_Problem to work on_
Once the line with "by (simp add: peval_interleave)" is found in the entries below, repeat it and each following line exactly, up to and including the line with "using assms by (rule block_congE)". Add no other lines.

_Provided information_
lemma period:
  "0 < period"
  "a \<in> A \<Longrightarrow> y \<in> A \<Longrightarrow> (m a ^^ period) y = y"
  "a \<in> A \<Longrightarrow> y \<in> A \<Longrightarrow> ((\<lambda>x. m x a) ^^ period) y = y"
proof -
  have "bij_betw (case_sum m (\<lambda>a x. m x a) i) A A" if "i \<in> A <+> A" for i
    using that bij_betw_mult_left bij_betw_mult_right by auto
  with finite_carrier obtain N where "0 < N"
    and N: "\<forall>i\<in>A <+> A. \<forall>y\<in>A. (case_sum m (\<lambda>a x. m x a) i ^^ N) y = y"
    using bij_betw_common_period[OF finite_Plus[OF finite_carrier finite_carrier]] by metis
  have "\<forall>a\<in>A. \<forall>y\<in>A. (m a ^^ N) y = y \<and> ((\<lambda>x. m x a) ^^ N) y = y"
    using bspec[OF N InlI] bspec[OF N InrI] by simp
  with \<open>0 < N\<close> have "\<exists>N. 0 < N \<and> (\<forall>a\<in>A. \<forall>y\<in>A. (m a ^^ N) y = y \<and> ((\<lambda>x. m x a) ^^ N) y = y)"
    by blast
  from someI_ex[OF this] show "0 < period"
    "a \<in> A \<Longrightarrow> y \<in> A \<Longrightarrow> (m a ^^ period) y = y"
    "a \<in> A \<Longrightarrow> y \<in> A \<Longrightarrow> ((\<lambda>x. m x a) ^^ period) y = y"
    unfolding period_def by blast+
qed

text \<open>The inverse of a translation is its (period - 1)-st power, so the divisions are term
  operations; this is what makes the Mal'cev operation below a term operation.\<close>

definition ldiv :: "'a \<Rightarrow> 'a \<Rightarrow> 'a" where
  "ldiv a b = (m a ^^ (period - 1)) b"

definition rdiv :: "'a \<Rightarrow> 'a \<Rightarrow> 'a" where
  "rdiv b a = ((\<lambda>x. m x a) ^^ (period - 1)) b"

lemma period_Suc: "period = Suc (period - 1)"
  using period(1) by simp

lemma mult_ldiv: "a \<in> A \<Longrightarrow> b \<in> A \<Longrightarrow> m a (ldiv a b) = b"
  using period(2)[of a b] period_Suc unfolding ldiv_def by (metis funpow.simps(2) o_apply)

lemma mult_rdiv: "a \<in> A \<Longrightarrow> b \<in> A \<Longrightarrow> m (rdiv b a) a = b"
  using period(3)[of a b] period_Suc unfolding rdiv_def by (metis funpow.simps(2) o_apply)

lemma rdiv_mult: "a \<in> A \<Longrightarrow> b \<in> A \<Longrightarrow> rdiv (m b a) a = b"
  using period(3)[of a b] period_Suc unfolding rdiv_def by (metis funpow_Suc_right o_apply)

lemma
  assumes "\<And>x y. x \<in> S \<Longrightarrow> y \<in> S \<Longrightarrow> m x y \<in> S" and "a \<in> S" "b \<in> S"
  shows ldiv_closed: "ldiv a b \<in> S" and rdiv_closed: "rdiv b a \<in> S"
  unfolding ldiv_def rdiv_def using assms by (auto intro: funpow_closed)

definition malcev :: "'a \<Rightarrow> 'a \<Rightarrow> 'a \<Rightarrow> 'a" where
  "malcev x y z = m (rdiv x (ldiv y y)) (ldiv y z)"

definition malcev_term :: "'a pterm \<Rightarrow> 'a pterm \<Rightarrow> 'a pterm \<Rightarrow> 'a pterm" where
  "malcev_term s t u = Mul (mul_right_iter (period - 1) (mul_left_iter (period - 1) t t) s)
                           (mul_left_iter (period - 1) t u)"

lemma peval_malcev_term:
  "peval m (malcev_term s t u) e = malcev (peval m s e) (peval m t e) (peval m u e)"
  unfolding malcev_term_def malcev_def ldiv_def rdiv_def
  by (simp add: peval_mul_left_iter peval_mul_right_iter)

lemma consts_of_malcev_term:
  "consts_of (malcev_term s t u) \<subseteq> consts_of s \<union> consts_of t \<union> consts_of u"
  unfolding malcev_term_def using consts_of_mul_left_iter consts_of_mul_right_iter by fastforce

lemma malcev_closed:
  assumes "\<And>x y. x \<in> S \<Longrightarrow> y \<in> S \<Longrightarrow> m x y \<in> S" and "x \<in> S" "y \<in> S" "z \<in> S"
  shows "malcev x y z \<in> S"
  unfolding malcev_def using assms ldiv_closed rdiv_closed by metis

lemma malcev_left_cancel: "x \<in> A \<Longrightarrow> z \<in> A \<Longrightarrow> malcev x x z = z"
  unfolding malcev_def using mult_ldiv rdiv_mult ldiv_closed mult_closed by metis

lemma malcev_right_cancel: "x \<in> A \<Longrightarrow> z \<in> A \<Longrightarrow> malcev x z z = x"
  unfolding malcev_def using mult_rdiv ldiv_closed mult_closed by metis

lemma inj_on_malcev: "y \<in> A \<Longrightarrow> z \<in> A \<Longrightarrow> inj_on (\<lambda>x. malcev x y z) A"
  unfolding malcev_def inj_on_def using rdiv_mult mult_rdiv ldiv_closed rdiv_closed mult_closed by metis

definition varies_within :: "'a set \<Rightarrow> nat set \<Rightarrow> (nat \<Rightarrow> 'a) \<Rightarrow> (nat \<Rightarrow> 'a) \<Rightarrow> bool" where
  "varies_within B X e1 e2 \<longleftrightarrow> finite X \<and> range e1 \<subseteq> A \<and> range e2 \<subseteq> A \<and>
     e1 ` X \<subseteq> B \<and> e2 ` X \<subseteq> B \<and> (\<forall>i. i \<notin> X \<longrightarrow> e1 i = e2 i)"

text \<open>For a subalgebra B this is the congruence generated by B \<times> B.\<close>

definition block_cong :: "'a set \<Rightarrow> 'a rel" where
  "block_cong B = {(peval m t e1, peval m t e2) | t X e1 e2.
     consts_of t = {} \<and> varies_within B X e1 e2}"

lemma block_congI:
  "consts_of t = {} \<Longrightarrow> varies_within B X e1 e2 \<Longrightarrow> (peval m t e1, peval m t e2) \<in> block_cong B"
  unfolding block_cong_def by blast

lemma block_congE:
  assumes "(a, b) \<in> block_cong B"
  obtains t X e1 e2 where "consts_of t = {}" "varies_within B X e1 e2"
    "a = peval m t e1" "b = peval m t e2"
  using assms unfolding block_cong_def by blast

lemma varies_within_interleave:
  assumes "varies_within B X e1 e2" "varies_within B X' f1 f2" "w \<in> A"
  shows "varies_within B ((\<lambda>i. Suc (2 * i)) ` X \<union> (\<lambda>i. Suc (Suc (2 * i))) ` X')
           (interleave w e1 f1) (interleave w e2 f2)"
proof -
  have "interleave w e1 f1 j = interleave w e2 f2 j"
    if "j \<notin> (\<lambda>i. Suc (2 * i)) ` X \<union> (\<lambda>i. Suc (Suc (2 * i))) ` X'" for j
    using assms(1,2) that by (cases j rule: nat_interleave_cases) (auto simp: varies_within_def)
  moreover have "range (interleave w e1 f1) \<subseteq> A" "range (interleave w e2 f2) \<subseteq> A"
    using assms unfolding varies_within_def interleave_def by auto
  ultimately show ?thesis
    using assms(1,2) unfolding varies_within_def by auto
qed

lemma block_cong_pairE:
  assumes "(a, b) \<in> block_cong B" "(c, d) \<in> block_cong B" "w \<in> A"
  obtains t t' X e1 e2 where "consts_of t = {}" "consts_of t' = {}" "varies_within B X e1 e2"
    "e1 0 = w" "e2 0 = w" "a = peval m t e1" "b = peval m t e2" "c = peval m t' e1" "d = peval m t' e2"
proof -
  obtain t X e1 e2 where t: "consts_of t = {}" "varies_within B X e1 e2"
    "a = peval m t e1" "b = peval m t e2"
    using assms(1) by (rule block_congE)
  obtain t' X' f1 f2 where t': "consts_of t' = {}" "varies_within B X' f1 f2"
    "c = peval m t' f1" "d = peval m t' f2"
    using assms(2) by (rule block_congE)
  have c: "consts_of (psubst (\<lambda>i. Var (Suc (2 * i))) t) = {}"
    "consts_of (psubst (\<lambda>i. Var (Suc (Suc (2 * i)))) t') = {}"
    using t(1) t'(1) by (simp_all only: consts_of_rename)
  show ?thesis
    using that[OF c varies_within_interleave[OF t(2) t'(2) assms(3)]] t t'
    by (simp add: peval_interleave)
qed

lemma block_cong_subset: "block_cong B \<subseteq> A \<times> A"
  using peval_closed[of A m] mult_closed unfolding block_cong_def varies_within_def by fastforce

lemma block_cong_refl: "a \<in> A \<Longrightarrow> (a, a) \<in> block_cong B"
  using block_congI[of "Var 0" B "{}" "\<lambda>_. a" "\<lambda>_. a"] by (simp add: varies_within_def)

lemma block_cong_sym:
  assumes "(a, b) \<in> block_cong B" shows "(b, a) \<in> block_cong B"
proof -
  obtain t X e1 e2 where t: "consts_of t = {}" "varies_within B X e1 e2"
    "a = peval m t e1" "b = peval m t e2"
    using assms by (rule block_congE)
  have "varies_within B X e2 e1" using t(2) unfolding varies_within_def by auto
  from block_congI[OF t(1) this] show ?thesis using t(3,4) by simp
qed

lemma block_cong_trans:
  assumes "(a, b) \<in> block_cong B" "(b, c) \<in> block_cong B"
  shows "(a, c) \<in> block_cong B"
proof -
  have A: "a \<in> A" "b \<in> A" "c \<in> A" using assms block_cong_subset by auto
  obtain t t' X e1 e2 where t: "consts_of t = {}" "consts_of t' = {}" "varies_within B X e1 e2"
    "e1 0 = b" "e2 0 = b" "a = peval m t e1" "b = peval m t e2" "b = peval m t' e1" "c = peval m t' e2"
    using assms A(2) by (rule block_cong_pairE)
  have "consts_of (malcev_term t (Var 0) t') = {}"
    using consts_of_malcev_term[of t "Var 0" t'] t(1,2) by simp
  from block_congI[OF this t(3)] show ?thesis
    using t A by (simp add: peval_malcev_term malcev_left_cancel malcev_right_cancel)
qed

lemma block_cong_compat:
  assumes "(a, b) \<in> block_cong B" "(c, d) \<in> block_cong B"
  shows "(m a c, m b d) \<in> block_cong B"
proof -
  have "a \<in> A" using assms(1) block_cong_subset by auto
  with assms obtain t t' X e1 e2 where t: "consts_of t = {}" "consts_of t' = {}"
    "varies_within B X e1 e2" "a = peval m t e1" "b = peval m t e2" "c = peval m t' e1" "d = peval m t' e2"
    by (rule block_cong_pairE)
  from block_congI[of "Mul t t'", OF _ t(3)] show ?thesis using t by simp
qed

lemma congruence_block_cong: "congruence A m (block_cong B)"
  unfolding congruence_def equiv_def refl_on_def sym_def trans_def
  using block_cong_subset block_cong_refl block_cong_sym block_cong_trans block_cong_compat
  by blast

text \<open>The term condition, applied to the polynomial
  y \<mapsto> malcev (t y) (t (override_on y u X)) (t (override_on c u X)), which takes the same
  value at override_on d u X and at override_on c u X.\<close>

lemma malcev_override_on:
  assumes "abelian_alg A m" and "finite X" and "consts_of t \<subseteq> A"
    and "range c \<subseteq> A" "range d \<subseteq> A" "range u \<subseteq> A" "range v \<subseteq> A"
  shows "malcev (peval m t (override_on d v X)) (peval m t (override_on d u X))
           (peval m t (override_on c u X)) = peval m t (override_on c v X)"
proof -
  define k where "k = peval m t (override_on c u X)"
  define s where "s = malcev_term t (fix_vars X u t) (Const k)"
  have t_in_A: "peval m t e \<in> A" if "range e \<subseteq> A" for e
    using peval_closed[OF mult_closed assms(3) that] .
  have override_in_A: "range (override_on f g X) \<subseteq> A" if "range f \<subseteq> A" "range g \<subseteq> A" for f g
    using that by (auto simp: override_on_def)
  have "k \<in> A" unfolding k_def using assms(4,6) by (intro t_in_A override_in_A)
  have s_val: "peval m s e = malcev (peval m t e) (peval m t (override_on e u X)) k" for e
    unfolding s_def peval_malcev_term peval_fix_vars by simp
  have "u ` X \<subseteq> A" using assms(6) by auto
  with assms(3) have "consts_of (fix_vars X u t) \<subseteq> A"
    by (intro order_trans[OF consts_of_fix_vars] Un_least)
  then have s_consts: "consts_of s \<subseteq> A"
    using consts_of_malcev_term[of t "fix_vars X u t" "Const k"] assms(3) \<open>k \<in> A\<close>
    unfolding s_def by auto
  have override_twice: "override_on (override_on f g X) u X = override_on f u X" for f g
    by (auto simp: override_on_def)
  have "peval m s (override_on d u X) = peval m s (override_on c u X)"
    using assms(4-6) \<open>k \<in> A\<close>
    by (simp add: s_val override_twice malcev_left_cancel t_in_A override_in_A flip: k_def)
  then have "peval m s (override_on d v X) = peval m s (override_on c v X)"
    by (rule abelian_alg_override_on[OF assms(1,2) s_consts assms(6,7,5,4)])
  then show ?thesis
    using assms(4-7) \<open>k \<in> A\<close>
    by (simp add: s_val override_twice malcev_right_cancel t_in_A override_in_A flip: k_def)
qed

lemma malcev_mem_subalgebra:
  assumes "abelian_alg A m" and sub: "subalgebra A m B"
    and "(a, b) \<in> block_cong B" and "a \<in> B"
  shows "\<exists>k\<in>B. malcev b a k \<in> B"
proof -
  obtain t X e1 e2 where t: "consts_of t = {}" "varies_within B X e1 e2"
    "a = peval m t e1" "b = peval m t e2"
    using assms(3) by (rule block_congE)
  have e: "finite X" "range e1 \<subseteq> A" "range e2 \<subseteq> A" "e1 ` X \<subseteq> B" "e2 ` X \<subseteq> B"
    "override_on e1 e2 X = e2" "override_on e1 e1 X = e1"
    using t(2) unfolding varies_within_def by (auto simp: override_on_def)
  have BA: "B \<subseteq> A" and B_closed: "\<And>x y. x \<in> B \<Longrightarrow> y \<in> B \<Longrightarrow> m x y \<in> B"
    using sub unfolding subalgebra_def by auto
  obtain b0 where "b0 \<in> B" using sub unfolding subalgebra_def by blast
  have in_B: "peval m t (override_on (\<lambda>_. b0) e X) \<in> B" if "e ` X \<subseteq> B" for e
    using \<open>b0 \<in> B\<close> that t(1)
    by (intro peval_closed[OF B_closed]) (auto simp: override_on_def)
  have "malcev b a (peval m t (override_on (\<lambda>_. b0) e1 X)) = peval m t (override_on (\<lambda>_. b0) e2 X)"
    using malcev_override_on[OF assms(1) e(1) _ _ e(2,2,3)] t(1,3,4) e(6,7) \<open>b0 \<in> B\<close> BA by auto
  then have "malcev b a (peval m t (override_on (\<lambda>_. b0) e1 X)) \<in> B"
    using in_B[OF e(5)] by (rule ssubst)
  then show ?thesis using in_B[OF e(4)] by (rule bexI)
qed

_Your solution_
    by (simp add: peval_interleave)
qed

lemma block_cong_subset: "block_cong B \<subseteq> A \<times> A"
  using peval_closed[of A m] mult_closed unfolding block_cong_def varies_within_def by fastforce

lemma block_cong_refl: "a \<in> A \<Longrightarrow> (a, a) \<in> block_cong B"
  using block_congI[of "Var 0" B "{}" "\<lambda>_. a" "\<lambda>_. a"] by (simp add: varies_within_def)

lemma block_cong_sym:
  assumes "(a, b) \<in> block_cong B" shows "(b, a) \<in> block_cong B"
proof -
  obtain t X e1 e2 where t: "consts_of t = {}" "varies_within B X e1 e2"
    "a = peval m t e1" "b = peval m t e2"
    using assms by (rule block_congE)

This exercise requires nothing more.